◆ **Your goal**:
Your task is to copy every line of the entries that holds the word "bsub".

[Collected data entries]
§ §

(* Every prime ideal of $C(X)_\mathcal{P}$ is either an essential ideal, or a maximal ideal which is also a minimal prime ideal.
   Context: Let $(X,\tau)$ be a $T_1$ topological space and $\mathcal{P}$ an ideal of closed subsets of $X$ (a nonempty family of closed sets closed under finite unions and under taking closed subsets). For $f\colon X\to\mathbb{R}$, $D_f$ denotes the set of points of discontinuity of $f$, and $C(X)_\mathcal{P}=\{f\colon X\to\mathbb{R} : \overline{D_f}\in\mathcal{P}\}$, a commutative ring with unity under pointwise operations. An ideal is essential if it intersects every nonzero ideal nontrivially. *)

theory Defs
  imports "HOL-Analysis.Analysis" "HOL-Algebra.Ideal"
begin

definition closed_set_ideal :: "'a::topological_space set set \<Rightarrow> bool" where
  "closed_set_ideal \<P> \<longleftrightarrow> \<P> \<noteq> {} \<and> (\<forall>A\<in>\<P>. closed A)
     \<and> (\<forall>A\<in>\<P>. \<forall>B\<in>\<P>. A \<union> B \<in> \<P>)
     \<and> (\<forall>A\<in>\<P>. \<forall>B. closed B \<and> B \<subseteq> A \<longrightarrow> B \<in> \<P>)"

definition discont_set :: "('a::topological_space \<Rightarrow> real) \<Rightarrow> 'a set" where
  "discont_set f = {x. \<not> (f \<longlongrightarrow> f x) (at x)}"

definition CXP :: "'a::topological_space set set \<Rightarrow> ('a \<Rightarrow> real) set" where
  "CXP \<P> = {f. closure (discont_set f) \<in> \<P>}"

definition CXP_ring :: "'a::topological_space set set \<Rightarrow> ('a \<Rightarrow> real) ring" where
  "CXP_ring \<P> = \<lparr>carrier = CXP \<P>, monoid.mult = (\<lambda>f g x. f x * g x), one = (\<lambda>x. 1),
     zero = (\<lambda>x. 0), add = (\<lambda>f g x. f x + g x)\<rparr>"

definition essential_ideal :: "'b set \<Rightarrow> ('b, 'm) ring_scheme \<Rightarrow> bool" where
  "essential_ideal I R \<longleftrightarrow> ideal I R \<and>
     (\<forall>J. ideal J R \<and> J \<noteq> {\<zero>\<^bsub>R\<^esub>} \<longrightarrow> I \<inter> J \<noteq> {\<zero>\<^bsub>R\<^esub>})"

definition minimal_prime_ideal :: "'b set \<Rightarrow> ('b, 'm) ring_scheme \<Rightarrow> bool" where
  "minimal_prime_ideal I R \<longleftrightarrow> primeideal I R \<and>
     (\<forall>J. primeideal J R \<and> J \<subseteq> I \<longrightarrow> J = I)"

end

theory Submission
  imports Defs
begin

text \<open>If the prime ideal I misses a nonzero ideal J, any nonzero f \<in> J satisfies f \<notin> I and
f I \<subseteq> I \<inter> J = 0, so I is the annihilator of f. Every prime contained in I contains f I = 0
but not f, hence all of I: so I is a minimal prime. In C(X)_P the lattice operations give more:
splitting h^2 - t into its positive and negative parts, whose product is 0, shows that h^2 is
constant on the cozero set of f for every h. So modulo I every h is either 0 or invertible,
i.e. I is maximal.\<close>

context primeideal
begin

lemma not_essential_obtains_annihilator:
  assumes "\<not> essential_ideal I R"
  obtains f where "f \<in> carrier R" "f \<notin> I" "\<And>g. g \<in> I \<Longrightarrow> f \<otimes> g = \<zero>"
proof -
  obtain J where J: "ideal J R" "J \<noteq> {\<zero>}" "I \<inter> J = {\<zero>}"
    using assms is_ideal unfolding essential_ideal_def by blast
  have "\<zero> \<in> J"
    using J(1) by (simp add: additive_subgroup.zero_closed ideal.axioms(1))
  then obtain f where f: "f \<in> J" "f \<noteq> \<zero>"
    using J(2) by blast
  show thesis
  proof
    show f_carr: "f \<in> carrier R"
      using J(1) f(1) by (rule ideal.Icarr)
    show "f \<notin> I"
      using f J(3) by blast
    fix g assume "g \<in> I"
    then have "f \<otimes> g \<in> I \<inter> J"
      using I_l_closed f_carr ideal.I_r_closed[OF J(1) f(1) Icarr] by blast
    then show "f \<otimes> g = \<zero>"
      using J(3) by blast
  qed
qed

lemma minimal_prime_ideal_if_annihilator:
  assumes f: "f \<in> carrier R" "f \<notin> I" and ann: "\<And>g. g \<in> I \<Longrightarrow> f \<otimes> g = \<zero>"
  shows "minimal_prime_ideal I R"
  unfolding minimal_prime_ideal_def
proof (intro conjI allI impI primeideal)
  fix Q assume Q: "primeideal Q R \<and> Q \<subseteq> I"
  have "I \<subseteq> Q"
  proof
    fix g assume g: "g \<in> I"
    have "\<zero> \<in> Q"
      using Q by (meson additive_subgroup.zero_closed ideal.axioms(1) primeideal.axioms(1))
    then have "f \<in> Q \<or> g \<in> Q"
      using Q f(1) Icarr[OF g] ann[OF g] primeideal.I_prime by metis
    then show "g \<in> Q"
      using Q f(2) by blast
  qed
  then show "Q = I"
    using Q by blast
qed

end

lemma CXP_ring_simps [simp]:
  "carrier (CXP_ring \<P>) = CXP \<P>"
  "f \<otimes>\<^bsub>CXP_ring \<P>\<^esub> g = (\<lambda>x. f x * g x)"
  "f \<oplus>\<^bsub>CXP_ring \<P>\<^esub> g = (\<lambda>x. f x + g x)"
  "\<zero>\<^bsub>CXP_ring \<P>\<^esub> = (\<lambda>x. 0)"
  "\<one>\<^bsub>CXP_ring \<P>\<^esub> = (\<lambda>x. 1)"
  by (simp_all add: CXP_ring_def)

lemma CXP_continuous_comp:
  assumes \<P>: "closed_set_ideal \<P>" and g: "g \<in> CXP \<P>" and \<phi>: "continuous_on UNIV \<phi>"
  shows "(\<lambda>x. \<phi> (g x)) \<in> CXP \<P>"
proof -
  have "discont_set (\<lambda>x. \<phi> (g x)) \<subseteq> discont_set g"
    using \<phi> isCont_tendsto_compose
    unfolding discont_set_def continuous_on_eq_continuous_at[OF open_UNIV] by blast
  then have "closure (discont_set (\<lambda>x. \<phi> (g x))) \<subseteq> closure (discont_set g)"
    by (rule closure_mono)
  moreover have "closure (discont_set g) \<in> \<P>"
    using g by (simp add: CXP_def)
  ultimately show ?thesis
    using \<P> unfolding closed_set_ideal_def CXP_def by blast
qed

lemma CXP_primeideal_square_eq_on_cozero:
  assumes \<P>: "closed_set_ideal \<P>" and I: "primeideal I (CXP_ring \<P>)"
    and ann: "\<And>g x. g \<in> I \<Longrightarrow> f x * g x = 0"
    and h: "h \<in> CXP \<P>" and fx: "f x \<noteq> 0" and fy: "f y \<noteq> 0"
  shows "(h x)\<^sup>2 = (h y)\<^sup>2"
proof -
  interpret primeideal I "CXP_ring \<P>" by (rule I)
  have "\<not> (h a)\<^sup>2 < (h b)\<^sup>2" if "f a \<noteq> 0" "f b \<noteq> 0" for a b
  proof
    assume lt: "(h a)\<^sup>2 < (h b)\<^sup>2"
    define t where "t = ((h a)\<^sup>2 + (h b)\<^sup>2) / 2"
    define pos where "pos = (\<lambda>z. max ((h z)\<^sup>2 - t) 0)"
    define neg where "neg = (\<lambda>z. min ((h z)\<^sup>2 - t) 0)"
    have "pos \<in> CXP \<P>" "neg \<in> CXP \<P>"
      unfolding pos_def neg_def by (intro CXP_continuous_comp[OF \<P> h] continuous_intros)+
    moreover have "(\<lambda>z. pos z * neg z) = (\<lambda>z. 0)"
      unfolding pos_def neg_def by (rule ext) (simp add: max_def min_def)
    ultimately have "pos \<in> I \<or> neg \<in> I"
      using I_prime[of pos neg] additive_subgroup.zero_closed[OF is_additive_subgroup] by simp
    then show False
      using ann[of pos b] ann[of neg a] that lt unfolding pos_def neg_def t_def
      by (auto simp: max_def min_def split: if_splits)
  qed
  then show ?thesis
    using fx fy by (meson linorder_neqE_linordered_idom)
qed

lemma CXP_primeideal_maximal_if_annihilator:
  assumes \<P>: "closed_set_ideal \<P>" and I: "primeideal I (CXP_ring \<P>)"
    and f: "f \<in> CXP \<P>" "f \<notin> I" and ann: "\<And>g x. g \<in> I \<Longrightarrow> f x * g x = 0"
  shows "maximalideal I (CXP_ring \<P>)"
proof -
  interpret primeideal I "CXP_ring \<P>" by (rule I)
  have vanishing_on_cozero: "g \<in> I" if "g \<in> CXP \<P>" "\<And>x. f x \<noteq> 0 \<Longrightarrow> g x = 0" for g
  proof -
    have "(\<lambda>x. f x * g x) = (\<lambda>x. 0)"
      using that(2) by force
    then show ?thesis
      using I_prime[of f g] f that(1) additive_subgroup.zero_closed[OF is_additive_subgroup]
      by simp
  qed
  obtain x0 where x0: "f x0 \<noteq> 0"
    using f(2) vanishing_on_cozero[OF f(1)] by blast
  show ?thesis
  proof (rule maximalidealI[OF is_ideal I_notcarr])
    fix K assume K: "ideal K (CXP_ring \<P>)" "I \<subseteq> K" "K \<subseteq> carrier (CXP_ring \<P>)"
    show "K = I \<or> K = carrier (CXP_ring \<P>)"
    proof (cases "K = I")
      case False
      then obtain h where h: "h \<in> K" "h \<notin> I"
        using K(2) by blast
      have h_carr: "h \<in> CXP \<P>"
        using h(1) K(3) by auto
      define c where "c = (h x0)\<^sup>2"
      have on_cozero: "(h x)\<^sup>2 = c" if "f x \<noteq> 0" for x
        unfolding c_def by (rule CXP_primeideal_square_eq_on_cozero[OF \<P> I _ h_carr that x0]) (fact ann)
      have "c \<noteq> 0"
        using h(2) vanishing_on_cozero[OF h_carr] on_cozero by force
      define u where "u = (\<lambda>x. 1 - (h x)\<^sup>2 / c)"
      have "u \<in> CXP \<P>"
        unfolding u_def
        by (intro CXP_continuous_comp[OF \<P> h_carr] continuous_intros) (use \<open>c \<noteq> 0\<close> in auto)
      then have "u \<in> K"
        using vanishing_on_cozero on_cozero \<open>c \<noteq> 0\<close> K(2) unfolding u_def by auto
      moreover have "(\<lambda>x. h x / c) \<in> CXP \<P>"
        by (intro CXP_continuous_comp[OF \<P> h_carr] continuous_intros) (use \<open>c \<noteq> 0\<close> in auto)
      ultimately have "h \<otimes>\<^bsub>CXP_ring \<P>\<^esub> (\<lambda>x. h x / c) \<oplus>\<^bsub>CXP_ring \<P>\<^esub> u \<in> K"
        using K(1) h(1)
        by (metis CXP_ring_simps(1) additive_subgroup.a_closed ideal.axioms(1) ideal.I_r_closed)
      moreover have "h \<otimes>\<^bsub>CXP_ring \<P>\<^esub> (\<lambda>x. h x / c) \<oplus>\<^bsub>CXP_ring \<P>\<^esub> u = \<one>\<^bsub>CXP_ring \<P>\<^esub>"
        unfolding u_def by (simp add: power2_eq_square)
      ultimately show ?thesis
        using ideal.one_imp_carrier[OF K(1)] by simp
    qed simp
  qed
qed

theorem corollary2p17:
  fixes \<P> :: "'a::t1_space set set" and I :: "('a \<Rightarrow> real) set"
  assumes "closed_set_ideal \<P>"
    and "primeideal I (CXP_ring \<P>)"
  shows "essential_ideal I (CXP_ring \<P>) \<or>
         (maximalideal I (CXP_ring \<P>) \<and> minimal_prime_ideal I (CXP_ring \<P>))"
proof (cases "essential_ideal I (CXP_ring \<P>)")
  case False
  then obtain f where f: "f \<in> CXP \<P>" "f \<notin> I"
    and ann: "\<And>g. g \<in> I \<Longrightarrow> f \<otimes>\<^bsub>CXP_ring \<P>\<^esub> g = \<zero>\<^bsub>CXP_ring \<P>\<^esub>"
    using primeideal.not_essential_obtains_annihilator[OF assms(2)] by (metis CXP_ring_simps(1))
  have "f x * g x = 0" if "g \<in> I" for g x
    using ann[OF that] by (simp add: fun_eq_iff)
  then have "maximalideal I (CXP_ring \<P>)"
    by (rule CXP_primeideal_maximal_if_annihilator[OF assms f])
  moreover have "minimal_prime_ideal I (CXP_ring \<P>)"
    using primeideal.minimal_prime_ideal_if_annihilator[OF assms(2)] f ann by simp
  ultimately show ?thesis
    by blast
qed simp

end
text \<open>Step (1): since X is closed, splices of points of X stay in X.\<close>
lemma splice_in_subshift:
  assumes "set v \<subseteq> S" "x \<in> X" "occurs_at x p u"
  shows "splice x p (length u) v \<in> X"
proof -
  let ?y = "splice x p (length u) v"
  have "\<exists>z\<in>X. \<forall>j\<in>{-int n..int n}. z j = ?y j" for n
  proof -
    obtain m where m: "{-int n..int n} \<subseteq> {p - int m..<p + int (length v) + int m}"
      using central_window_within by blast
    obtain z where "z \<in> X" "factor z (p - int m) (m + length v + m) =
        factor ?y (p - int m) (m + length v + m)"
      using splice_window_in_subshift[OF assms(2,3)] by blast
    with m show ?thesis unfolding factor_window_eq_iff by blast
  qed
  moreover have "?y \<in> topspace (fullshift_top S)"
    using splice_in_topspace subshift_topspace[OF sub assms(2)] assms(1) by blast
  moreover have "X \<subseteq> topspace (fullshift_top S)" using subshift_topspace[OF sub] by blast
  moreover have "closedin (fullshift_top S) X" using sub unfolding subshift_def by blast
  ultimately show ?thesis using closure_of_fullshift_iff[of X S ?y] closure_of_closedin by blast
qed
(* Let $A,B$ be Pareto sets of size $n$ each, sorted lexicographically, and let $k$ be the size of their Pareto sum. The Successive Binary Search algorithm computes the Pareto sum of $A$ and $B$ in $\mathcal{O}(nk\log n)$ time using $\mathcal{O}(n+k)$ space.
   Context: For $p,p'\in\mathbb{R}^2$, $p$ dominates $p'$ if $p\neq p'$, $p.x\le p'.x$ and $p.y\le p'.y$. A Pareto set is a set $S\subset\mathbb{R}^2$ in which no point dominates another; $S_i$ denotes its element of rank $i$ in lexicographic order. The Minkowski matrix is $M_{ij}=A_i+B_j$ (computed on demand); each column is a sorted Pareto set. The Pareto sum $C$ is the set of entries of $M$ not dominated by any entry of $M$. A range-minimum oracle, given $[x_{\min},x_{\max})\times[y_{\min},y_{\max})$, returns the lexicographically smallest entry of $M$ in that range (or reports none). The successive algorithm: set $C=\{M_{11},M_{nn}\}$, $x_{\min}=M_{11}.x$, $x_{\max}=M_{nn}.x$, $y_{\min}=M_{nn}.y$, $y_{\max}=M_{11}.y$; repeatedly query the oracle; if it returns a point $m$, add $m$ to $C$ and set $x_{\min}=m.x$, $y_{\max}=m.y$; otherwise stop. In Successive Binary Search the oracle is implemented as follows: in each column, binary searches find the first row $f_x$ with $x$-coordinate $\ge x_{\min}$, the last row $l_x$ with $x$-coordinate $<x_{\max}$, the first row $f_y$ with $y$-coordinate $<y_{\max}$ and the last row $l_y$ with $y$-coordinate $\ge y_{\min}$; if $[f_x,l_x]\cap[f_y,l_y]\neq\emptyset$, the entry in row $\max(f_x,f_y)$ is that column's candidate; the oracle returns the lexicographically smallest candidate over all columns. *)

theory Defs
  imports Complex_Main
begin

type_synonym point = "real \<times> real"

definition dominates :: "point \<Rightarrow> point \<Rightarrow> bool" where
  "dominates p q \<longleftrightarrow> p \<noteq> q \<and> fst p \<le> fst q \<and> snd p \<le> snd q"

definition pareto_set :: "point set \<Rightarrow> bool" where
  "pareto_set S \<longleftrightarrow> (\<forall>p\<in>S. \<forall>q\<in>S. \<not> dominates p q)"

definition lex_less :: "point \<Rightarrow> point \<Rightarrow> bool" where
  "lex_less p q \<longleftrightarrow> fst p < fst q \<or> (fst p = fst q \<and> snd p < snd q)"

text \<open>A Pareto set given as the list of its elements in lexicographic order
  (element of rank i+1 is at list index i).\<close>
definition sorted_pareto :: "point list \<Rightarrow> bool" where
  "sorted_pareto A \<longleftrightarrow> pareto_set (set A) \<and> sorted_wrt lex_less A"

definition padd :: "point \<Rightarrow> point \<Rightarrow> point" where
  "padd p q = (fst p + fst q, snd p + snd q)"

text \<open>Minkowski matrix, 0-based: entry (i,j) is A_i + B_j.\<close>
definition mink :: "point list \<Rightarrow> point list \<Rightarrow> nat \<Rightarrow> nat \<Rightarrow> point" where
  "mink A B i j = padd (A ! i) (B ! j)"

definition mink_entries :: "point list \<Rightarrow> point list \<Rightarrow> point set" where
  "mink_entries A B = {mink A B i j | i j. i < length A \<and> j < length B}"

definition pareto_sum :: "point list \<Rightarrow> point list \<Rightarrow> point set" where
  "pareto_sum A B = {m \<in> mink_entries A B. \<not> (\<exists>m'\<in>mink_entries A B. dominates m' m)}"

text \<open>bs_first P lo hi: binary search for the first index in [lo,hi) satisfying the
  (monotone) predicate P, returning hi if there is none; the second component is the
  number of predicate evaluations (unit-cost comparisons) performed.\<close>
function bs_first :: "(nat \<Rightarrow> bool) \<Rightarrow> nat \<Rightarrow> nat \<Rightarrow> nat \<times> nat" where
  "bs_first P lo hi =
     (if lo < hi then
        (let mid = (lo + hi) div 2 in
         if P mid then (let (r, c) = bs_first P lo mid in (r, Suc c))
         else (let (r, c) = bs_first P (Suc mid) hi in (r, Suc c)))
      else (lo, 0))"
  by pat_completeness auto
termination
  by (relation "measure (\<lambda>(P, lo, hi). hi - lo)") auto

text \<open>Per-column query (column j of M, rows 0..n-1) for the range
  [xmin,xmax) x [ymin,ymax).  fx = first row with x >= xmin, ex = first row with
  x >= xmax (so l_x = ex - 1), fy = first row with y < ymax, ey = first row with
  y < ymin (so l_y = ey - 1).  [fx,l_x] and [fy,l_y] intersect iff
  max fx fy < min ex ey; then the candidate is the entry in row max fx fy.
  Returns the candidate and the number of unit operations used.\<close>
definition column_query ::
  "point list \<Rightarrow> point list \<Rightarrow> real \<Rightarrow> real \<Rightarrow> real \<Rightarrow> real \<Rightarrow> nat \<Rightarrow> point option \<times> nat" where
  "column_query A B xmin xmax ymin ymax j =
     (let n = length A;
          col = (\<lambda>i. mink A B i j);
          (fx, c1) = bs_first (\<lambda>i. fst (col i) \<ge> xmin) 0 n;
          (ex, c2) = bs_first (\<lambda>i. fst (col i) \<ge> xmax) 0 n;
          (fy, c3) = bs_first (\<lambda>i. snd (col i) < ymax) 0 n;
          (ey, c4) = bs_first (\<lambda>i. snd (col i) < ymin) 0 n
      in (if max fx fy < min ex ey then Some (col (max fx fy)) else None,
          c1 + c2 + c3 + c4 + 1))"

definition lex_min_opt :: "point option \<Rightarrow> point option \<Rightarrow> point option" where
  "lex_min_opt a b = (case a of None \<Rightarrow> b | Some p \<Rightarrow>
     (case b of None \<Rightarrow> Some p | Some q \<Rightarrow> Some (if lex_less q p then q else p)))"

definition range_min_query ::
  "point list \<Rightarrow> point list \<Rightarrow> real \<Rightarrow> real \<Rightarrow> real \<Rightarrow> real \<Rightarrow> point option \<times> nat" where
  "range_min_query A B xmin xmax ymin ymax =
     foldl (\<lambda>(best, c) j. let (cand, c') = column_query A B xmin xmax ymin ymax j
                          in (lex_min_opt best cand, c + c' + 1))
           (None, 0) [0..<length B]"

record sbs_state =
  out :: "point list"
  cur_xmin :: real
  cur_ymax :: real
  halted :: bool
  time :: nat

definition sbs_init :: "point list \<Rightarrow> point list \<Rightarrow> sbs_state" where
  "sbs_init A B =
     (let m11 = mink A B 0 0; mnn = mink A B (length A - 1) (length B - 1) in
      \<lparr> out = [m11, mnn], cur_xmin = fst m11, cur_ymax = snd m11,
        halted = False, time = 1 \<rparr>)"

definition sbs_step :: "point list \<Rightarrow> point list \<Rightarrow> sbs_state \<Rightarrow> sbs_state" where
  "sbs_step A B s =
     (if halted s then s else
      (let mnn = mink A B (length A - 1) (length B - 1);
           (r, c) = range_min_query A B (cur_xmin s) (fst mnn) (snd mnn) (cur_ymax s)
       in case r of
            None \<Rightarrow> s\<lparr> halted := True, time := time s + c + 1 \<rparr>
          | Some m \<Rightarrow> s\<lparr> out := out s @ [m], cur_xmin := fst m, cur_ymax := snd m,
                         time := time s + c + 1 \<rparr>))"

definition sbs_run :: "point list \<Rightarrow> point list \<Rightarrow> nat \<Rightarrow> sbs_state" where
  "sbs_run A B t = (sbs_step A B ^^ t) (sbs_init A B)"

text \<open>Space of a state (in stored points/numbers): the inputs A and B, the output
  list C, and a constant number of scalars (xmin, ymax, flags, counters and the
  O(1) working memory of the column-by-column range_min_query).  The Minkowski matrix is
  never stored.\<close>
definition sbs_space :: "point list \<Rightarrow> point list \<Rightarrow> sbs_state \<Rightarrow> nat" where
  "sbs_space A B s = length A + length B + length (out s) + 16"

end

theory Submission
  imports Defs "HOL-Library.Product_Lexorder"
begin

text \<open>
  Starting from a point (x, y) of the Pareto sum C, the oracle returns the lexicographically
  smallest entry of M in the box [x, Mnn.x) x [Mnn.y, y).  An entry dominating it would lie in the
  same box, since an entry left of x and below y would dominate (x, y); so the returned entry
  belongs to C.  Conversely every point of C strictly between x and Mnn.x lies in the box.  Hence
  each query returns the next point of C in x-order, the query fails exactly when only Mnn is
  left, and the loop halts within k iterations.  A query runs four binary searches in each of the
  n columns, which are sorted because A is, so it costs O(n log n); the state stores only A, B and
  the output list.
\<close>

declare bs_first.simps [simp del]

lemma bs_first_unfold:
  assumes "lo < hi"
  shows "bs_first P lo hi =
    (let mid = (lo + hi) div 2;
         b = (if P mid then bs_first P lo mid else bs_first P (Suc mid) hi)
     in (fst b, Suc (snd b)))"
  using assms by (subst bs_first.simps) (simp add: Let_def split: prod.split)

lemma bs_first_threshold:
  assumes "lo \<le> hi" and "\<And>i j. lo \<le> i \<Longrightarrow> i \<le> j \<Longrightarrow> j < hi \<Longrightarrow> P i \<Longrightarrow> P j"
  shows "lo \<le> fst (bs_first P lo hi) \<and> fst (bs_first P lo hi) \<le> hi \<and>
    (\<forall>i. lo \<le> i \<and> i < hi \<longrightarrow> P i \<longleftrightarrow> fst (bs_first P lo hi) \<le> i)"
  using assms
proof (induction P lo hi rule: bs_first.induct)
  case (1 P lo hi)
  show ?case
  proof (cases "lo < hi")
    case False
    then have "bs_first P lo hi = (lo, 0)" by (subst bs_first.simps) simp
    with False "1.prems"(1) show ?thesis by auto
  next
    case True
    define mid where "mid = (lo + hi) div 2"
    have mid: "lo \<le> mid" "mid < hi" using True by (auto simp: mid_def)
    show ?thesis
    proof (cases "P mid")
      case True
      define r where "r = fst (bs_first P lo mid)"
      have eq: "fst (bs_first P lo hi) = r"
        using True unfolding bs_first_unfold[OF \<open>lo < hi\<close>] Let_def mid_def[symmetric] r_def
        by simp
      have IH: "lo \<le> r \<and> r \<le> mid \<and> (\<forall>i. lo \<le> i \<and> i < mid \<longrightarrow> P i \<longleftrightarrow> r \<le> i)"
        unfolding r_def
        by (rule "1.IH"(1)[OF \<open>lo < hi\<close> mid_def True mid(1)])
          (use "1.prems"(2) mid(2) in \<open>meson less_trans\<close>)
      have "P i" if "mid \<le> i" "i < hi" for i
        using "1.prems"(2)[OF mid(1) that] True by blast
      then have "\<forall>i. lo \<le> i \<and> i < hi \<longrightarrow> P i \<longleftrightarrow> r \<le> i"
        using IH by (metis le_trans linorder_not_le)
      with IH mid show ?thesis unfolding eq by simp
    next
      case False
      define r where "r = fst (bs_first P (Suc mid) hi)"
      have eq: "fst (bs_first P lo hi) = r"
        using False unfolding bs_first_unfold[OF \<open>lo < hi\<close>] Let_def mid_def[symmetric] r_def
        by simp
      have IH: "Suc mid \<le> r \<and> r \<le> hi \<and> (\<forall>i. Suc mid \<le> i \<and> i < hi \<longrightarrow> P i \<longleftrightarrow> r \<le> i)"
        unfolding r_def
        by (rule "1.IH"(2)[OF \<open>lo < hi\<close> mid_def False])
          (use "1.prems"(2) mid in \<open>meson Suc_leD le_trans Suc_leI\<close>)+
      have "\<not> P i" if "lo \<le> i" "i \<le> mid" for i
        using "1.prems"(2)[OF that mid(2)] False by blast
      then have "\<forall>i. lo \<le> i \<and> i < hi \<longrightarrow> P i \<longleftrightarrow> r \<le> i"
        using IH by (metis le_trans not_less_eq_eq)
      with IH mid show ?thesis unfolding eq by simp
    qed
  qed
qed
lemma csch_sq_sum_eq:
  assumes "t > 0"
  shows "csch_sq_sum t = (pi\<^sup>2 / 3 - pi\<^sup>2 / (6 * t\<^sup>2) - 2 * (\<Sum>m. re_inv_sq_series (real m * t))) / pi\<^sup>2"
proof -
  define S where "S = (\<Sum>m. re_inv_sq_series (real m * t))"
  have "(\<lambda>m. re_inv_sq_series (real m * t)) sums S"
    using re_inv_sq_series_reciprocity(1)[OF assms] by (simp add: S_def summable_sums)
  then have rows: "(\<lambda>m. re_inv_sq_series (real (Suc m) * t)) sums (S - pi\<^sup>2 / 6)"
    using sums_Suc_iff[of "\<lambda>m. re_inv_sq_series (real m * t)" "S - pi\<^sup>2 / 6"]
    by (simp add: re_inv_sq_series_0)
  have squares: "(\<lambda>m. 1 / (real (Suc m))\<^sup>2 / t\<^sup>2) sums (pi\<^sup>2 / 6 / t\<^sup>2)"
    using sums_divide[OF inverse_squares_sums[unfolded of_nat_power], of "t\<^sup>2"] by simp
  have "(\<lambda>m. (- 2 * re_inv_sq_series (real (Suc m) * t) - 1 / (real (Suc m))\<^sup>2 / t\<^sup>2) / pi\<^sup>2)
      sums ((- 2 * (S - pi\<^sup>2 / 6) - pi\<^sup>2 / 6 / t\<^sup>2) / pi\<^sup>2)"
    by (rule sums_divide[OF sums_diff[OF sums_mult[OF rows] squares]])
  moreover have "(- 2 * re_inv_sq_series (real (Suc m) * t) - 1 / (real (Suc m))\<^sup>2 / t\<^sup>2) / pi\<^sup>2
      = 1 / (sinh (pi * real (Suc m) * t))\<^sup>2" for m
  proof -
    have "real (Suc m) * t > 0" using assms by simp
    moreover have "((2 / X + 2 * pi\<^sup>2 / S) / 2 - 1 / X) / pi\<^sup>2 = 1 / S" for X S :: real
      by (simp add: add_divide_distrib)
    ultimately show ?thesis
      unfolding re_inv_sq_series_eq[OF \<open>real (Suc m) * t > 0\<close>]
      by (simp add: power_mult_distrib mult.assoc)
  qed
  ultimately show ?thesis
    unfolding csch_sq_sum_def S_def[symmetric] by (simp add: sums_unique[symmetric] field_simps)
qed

§ §

◆ **Exercise answer**:
     (\<forall>J. ideal J R \<and> J \<noteq> {\<zero>\<^bsub>R\<^esub>} \<longrightarrow> I \<inter> J \<noteq> {\<zero>\<^bsub>R\<^esub>})"
  "f \<otimes>\<^bsub>CXP_ring \<P>\<^esub> g = (\<lambda>x. f x * g x)"
  "f \<oplus>\<^bsub>CXP_ring \<P>\<^esub> g = (\<lambda>x. f x + g x)"
  "\<zero>\<^bsub>CXP_ring \<P>\<^esub> = (\<lambda>x. 0)"
  "\<one>\<^bsub>CXP_ring \<P>\<^esub> = (\<lambda>x. 1)"
      ultimately have "h \<otimes>\<^bsub>CXP_ring \<P>\<^esub> (\<lambda>x. h x / c) \<oplus>\<^bsub>CXP_ring \<P>\<^esub> u \<in> K"
      moreover have "h \<otimes>\<^bsub>CXP_ring \<P>\<^esub> (\<lambda>x. h x / c) \<oplus>\<^bsub>CXP_ring \<P>\<^esub> u = \<one>\<^bsub>CXP_ring \<P>\<^esub>"
    and ann: "\<And>g. g \<in> I \<Longrightarrow> f \<otimes>\<^bsub>CXP_ring \<P>\<^esub> g = \<zero>\<^bsub>CXP_ring \<P>\<^esub>"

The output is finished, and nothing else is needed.